This Focused Performance Weblog is a "business management blog" containing links and commentary related primarily to organizational effectiveness with a "Theory of Constraints" perspective. TOC is noted for its applications in Project Management and Multi-Project Management (Critical Chain) and Operations Management (Drum-Buffer-Rope), as well as in Marketing, Strategic Planning and Change Management (TOC Thinking Processes). If you are on an archive page, current postings are found here.
Friday, July 19, 2002
Project Management, Its Past And Its Future "Another important change, not yet complete, has been the change from the predictable model of project management to the unpredictable. In the early days we assumed that projects could be carried out in accordance with the original plan if the planning was good enough. We assumed that project clients would not change their minds about what they wanted. If they did, it messed up our projects and it was their fault. We tried to impose design freezes. We assumed that the client's objectives, his organisation and his people would not change whilst we did their project. We assumed that our own objectives, organisation and people would not change. We did not do risk management because we had thought of everything and everything was predictable.

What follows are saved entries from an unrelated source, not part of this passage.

(* Let $K$ be a finite extension of $\mathbb{Q}_p$ with absolute value $|\cdot|_K$, let $X\subseteq K$ be a finite nonempty set, and let $\mathscr{C}$ be a verticial clustering of $X$. For each $C\in\mathscr{C}$ let $a_C\in K$ be a centre of $C$, and set ${\bf a}=(a_C)_{C\in\mathscr{C}}$. Define $$\mathrm{Intra}(\mathscr{C})=\frac{1}{|X|}\sum_{C\in\mathscr{C}}\sum_{x\in C}|x-a_C|_K,\qquad \mathrm{Inter}(\mathscr{C})=\min_{C\neq C'\in\mathscr{C}}|a_C-a_{C'}|_K .$$ Then $\mathrm{Intra}(\mathscr{C})$ and $\mathrm{Inter}(\mathscr{C})$ do not depend on the choice of the cluster centres ${\bf a}$: any two families of centres give the same values.
   Context: A clustering of a finite set $X\subseteq K$ is a partition $\mathscr{C}$ of $X$ into nonempty clusters. For a cluster $C$, let $\mathbb{D}_C$ denote the smallest closed disk $\{y\in K: |y-b|_K\le r\}$ in $K$ containing $C$. The clustering is verticial if every cluster $C\in\mathscr{C}$ corresponds to a vertex of the dendrogram of $X$, i.e. $C=X\cap\mathbb{D}_C$. Given a clustering $\mathscr{C}$ and a family ${\bf a}=(a_C)_{C\in\mathscr{C}}$ of points of $K$, put $E(\mathscr{C},{\bf a})=\sum_{C\in\mathscr{C}}\sum_{x\in C}|x-a_C|_K$. A family of centres of $\mathscr{C}$ is a family ${\bf a}$ minimising $E(\mathscr{C},{\bf a})$ for the given clustering $\mathscr{C}$; equivalently, each $a_C$ minimises $a\mapsto\sum_{x\in C}|x-a|_K$ over $a\in K$. *)

theory Defs
  imports Complex_Main "HOL-Computational_Algebra.Primes"
begin

definition abs_value :: "('k::field \<Rightarrow> real) \<Rightarrow> bool" where
  "abs_value v \<longleftrightarrow> (\<forall>x. 0 \<le> v x) \<and> (\<forall>x. v x = 0 \<longleftrightarrow> x = 0)
     \<and> (\<forall>x y. v (x * y) = v x * v y) \<and> (\<forall>x y. v (x + y) \<le> v x + v y)"

definition ultrametric_av :: "('k::field \<Rightarrow> real) \<Rightarrow> bool" where
  "ultrametric_av v \<longleftrightarrow> (\<forall>x y. v (x + y) \<le> max (v x) (v y))"

definition av_cauchy :: "('k::field \<Rightarrow> real) \<Rightarrow> (nat \<Rightarrow> 'k) \<Rightarrow> bool" where
  "av_cauchy v s \<longleftrightarrow> (\<forall>e>0. \<exists>N. \<forall>m\<ge>N. \<forall>n\<ge>N. v (s m - s n) < e)"

definition av_converges :: "('k::field \<Rightarrow> real) \<Rightarrow> (nat \<Rightarrow> 'k) \<Rightarrow> 'k \<Rightarrow> bool" where
  "av_converges v s l \<longleftrightarrow> (\<forall>e>0. \<exists>N. \<forall>n\<ge>N. v (s n - l) < e)"

text \<open>A field K of characteristic 0 with an absolute value v is (up to isomorphism of valued
  fields) a finite extension of Q_p with an absolute value extending (a power of) the p-adic one
  iff v is a non-archimedean absolute value with v p < 1, K is complete for v, and K is locally
  compact (every bounded sequence in the closed unit ball has a Cauchy subsequence).\<close>

definition finite_ext_Qp :: "nat \<Rightarrow> ('k::field \<Rightarrow> real) \<Rightarrow> bool" where
  "finite_ext_Qp p v \<longleftrightarrow> prime p
     \<and> (\<forall>n::nat. 0 < n \<longrightarrow> v (of_nat n) \<noteq> 0)  \<comment> \<open>characteristic 0\<close>
     \<and> abs_value v \<and> ultrametric_av v
     \<and> v (of_nat p) < 1
     \<and> (\<forall>s. av_cauchy v s \<longrightarrow> (\<exists>l. av_converges v s l))
     \<and> (\<forall>s. (\<forall>n. v (s n) \<le> 1) \<longrightarrow> (\<exists>g::nat \<Rightarrow> nat. strict_mono g \<and> av_cauchy v (s \<circ> g)))"

definition clustering :: "'k set \<Rightarrow> 'k set set \<Rightarrow> bool" where
  "clustering X \<C> \<longleftrightarrow> (\<forall>C\<in>\<C>. C \<noteq> {}) \<and> \<Union>\<C> = X
     \<and> (\<forall>C\<in>\<C>. \<forall>C'\<in>\<C>. C \<noteq> C' \<longrightarrow> C \<inter> C' = {})"

definition closed_disk :: "('k::field \<Rightarrow> real) \<Rightarrow> 'k \<Rightarrow> real \<Rightarrow> 'k set" where
  "closed_disk v b r = {y. v (y - b) \<le> r}"

definition is_closed_disk :: "('k::field \<Rightarrow> real) \<Rightarrow> 'k set \<Rightarrow> bool" where
  "is_closed_disk v D \<longleftrightarrow> (\<exists>b r. 0 \<le> r \<and> D = closed_disk v b r)"

definition smallest_disk :: "('k::field \<Rightarrow> real) \<Rightarrow> 'k set \<Rightarrow> 'k set" where
  "smallest_disk v C = (THE D. is_closed_disk v D \<and> C \<subseteq> D
      \<and> (\<forall>D'. is_closed_disk v D' \<and> C \<subseteq> D' \<longrightarrow> D \<subseteq> D'))"

definition verticial :: "('k::field \<Rightarrow> real) \<Rightarrow> 'k set \<Rightarrow> 'k set set \<Rightarrow> bool" where
  "verticial v X \<C> \<longleftrightarrow> clustering X \<C> \<and> (\<forall>C\<in>\<C>. C = X \<inter> smallest_disk v C)"

definition energy :: "('k::field \<Rightarrow> real) \<Rightarrow> 'k set set \<Rightarrow> ('k set \<Rightarrow> 'k) \<Rightarrow> real" where
  "energy v \<C> a = (\<Sum>C\<in>\<C>. \<Sum>x\<in>C. v (x - a C))"

definition family_of_centres :: "('k::field \<Rightarrow> real) \<Rightarrow> 'k set set \<Rightarrow> ('k set \<Rightarrow> 'k) \<Rightarrow> bool" where
  "family_of_centres v \<C> a \<longleftrightarrow> (\<forall>b. energy v \<C> a \<le> energy v \<C> b)"

definition intra :: "('k::field \<Rightarrow> real) \<Rightarrow> 'k set \<Rightarrow> 'k set set \<Rightarrow> ('k set \<Rightarrow> 'k) \<Rightarrow> real" where
  "intra v X \<C> a = energy v \<C> a / real (card X)"

definition inter :: "('k::field \<Rightarrow> real) \<Rightarrow> 'k set set \<Rightarrow> ('k set \<Rightarrow> 'k) \<Rightarrow> real" where
  "inter v \<C> a = Min {v (a C - a C') | C C'. C \<in> \<C> \<and> C' \<in> \<C> \<and> C \<noteq> C'}"

end

theory Submission
  imports Defs
begin

text \<open>In an ultrametric field two closed disks are either nested or disjoint, and every point of a
  disk is a centre of it. A centre of a cluster must lie in every closed disk containing the
  cluster, since otherwise moving it into the disk strictly decreases every distance to the cluster.
  Hence the centre of a cluster lies in its smallest disk; for a verticial clustering these disks
  are pairwise disjoint, and the distance between two points of disjoint disks only depends on
  the disks. So all distances between centres, and trivially the minimal energy, are independent
  of the chosen centres.\<close>

lemma mem_closed_disk [simp]: "y \<in> closed_disk v b r \<longleftrightarrow> v (y - b) \<le> r"
  by (simp add: closed_disk_def)

locale ultrametric_abs_value =
  fixes v :: "'k::field \<Rightarrow> real"
  assumes abs_value: "abs_value v" and ultrametric: "ultrametric_av v"
begin

lemma nonneg: "0 \<le> v x"
  using abs_value by (simp add: abs_value_def)

lemma eq_0_iff: "v x = 0 \<longleftrightarrow> x = 0"
  using abs_value by (simp add: abs_value_def)

lemma mult: "v (x * y) = v x * v y"
  using abs_value by (simp add: abs_value_def)

lemma add_le_max: "v (x + y) \<le> max (v x) (v y)"
  using ultrametric by (simp add: ultrametric_av_def)

lemma one: "v 1 = 1"
proof -
  have "v 1 * v 1 = v 1 * 1" using mult[of 1 1] by simp
  moreover have "v 1 \<noteq> 0" by (simp add: eq_0_iff)
  ultimately show ?thesis by simp
qed

lemma minus: "v (- x) = v x"
proof -
  have "v (- 1) * v (- 1) = 1" using mult[of "-1" "-1"] one by simp
  then have "v (- 1) = 1"
    using nonneg[of "-1"] by (metis abs_of_nonneg abs_square_eq_1 power2_eq_square)
  then show ?thesis using mult[of "-1" x] by simp
qed

lemma diff_commute: "v (x - y) = v (y - x)"
  using minus[of "x - y"] by simp

lemma diff_le_max: "v (x - z) \<le> max (v (x - y)) (v (y - z))"
  using add_le_max[of "x - y" "y - z"] by simp

lemma add_eq_if_less: "v y < v x \<Longrightarrow> v (x + y) = v x"
  using add_le_max[of x y] add_le_max[of "x + y" "- y"] minus[of y] by simp

lemma closed_disk_recentre:
  assumes "z \<in> closed_disk v b r"
  shows "closed_disk v z r = closed_disk v b r"
proof (intro set_eqI iffI)
  fix x
  have "v (z - b) \<le> r" "v (b - z) \<le> r" using assms diff_commute[of z b] by simp_all
  show "x \<in> closed_disk v b r" if "x \<in> closed_disk v z r"
    using that \<open>v (z - b) \<le> r\<close> diff_le_max[of x b z] by (auto simp: le_max_iff_disj)
  show "x \<in> closed_disk v z r" if "x \<in> closed_disk v b r"
    using that \<open>v (b - z) \<le> r\<close> diff_le_max[of x z b] by (auto simp: le_max_iff_disj)
qed

lemma closed_disks_nested_or_disjoint:
  assumes "closed_disk v b r \<inter> closed_disk v b' r' \<noteq> {}"
  shows "closed_disk v b r \<subseteq> closed_disk v b' r' \<or> closed_disk v b' r' \<subseteq> closed_disk v b r"
proof -
  obtain z where "z \<in> closed_disk v b r" "z \<in> closed_disk v b' r'" using assms by blast
  then have "closed_disk v b r = closed_disk v z r" "closed_disk v b' r' = closed_disk v z r'"
    by (simp_all add: closed_disk_recentre)
  then show ?thesis by (cases "r \<le> r'") auto
qed

lemma diff_eq_across_disjoint_disks:
  assumes disjoint: "closed_disk v b r \<inter> closed_disk v b' r' = {}"
    and "u \<in> closed_disk v b r" "u' \<in> closed_disk v b' r'"
  shows "v (u - u') = v (b - b')"
proof -
  have "u' \<notin> closed_disk v u r" "u \<notin> closed_disk v u' r'"
    using assms closed_disk_recentre by blast+
  then have "max r r' < v (u - u')"
    using diff_commute[of u' u] by simp
  moreover have "v (b - u + (u' - b')) \<le> max r r'"
    using assms add_le_max[of "b - u" "u' - b'"] diff_commute[of b u] by simp
  ultimately have "v (u - u' + (b - u + (u' - b'))) = v (u - u')"
    by (intro add_eq_if_less) (auto simp: le_max_iff_disj)
  then show ?thesis by simp
qed

lemma smallest_disk_eq:
  assumes "finite C" "c \<in> C"
  shows "smallest_disk v C = closed_disk v c (Max ((\<lambda>x. v (x - c)) ` C))"
    (is "_ = closed_disk v c ?r")
proof -
  have contains: "C \<subseteq> closed_disk v c ?r" using assms by auto
  have "?r \<in> (\<lambda>x. v (x - c)) ` C" using assms by (intro Max_in) auto
  then obtain x0 where x0: "x0 \<in> C" "?r = v (x0 - c)" by auto
  have minimal: "closed_disk v c ?r \<subseteq> D" if "is_closed_disk v D" "C \<subseteq> D" for D
  proof -
    obtain b r where D: "D = closed_disk v b r" using \<open>is_closed_disk v D\<close>
      by (auto simp: is_closed_disk_def)
    with \<open>C \<subseteq> D\<close> assms(2) have "D = closed_disk v c r" using closed_disk_recentre by blast
    with \<open>C \<subseteq> D\<close> x0 have "?r \<le> r" by auto
    with \<open>D = closed_disk v c r\<close> show ?thesis by auto
  qed
  have "0 \<le> ?r" using subsetD[OF contains assms(2)] nonneg[of 0] by simp
  then have "is_closed_disk v (closed_disk v c ?r)" by (auto simp: is_closed_disk_def)
  with contains minimal show ?thesis
    unfolding smallest_disk_def by (intro the_equality) (auto intro: subset_antisym)
qed

lemma smallest_disk_is_closed_disk:
  assumes "finite C" "C \<noteq> {}"
  obtains c r where "smallest_disk v C = closed_disk v c r" "C \<subseteq> closed_disk v c r"
proof -
  from assms obtain c where "c \<in> C" by blast
  with assms(1) show ?thesis using that smallest_disk_eq by fastforce
qed

lemma family_of_centres_in_closed_disk:
  assumes centres: "family_of_centres v \<C> a" and "finite \<C>" "C \<in> \<C>"
    and "finite C" "C \<noteq> {}" and contains: "C \<subseteq> closed_disk v c r"
  shows "a C \<in> closed_disk v c r"
proof (rule ccontr)
  assume "a C \<notin> closed_disk v c r"
  then have far: "r < v (c - a C)" using diff_commute by simp
  have closer: "v (x - c) < v (x - a C)" if "x \<in> C" for x
  proof -
    have "v (x - c) \<le> r" using contains that by auto
    with far have "v (c - a C + (x - c)) = v (c - a C)" by (intro add_eq_if_less) simp
    with \<open>v (x - c) \<le> r\<close> far show ?thesis by (simp add: algebra_simps)
  qed
  let ?E = "\<lambda>a C. \<Sum>x\<in>C. v (x - a C)"
  have split: "energy v \<C> f = ?E f C + (\<Sum>C'\<in>\<C> - {C}. ?E f C')" for f
    unfolding energy_def using sum.remove[OF \<open>finite \<C>\<close> \<open>C \<in> \<C>\<close>] by simp
  have "?E (a(C := c)) C < ?E a C"
    using sum_strict_mono[OF \<open>finite C\<close> \<open>C \<noteq> {}\<close> closer] by simp
  moreover have "(\<Sum>C'\<in>\<C> - {C}. ?E (a(C := c)) C') = (\<Sum>C'\<in>\<C> - {C}. ?E a C')"
    by (intro sum.cong) auto
  ultimately have "energy v \<C> (a(C := c)) < energy v \<C> a"
    using split[of a] split[of "a(C := c)"] by linarith
  with centres show False by (simp add: family_of_centres_def not_le[symmetric])
qed

lemma verticial_centre_distance_eq:
  assumes "finite X" "verticial v X \<C>"
    and "family_of_centres v \<C> a" "family_of_centres v \<C> b"
    and "C \<in> \<C>" "C' \<in> \<C>" "C \<noteq> C'"
  shows "v (a C - a C') = v (b C - b C')"
proof -
  have "C \<noteq> {}" "C' \<noteq> {}" "C \<inter> C' = {}" "\<C> \<subseteq> Pow X"
    and vertices: "C = X \<inter> smallest_disk v C" "C' = X \<inter> smallest_disk v C'"
    using assms(2,5-7) by (auto simp: verticial_def clustering_def)
  then have "finite \<C>" "finite C" "finite C'"
    using \<open>finite X\<close> assms(5,6) by (auto intro: finite_subset)
  obtain c r where D: "smallest_disk v C = closed_disk v c r" "C \<subseteq> closed_disk v c r"
    using smallest_disk_is_closed_disk[OF \<open>finite C\<close> \<open>C \<noteq> {}\<close>] by blast
  obtain c' r' where D': "smallest_disk v C' = closed_disk v c' r'" "C' \<subseteq> closed_disk v c' r'"
    using smallest_disk_is_closed_disk[OF \<open>finite C'\<close> \<open>C' \<noteq> {}\<close>] by blast
  have disjoint: "closed_disk v c r \<inter> closed_disk v c' r' = {}"
  proof (rule ccontr)
    assume "closed_disk v c r \<inter> closed_disk v c' r' \<noteq> {}"
    then have "C \<subseteq> C' \<or> C' \<subseteq> C"
      using closed_disks_nested_or_disjoint vertices D(1) D'(1) by blast
    with \<open>C \<inter> C' = {}\<close> \<open>C \<noteq> {}\<close> \<open>C' \<noteq> {}\<close> show False by blast
  qed
  have "v (f C - f C') = v (c - c')" if "family_of_centres v \<C> f" for f
  proof (rule diff_eq_across_disjoint_disks[OF disjoint])
    show "f C \<in> closed_disk v c r"
      using family_of_centres_in_closed_disk[OF that \<open>finite \<C>\<close>] assms(5) \<open>finite C\<close> \<open>C \<noteq> {}\<close> D(2) .
    show "f C' \<in> closed_disk v c' r'"
      using family_of_centres_in_closed_disk[OF that \<open>finite \<C>\<close>] assms(6) \<open>finite C'\<close> \<open>C' \<noteq> {}\<close> D'(2) .
  qed
  with assms(3,4) show ?thesis by simp
qed

end

theorem lemma2:
  fixes p :: nat and v :: "'k::field \<Rightarrow> real" and X :: "'k set" and \<C> :: "'k set set"
    and a b :: "'k set \<Rightarrow> 'k"
  assumes "finite_ext_Qp p v"
    and "finite X" and "X \<noteq> {}"
    and "verticial v X \<C>"
    and "family_of_centres v \<C> a"
    and "family_of_centres v \<C> b"
  shows "intra v X \<C> a = intra v X \<C> b \<and> inter v \<C> a = inter v \<C> b"
proof -
  interpret ultrametric_abs_value v
    using assms(1) by unfold_locales (simp_all add: finite_ext_Qp_def)
  have "energy v \<C> a = energy v \<C> b"
    using assms(5,6) by (simp add: family_of_centres_def order_antisym)
  moreover have "{v (a C - a C') | C C'. C \<in> \<C> \<and> C' \<in> \<C> \<and> C \<noteq> C'}
      = {v (b C - b C') | C C'. C \<in> \<C> \<and> C' \<in> \<C> \<and> C \<noteq> C'}"
    using verticial_centre_distance_eq[OF assms(2,4-6)] by metis
  ultimately show ?thesis by (simp add: intra_def inter_def)
qed

end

"The rejection of this stable model has begun in project management but still has a way to go. I still find people who feel upset if we change the original plan and if the client changes his mind about his objectives. The unstable model says that a real project manager will change the plan whenever a better one for finishing the project can be established. A really good project manager will happily accommodate as many changes as the client wants in his objectives. It's his project and he can do whatever the changes in his world dictate. Every project is somebody else's sub-project. Our project is only a sub-project for him.
"A project plan is a series of forecasts, all of which are likely to be wrong - some not so far wrong that it matters, but many quite a lot wrong. And every project will get its ration of unexpected problems. We must manage the risks effectively and expect our project to change. The unstable model is the real one. "
This link is the text of the same keynote that I saw in Hong Kong in March, 2002 at World Project Management Week. Read it, it's worth it.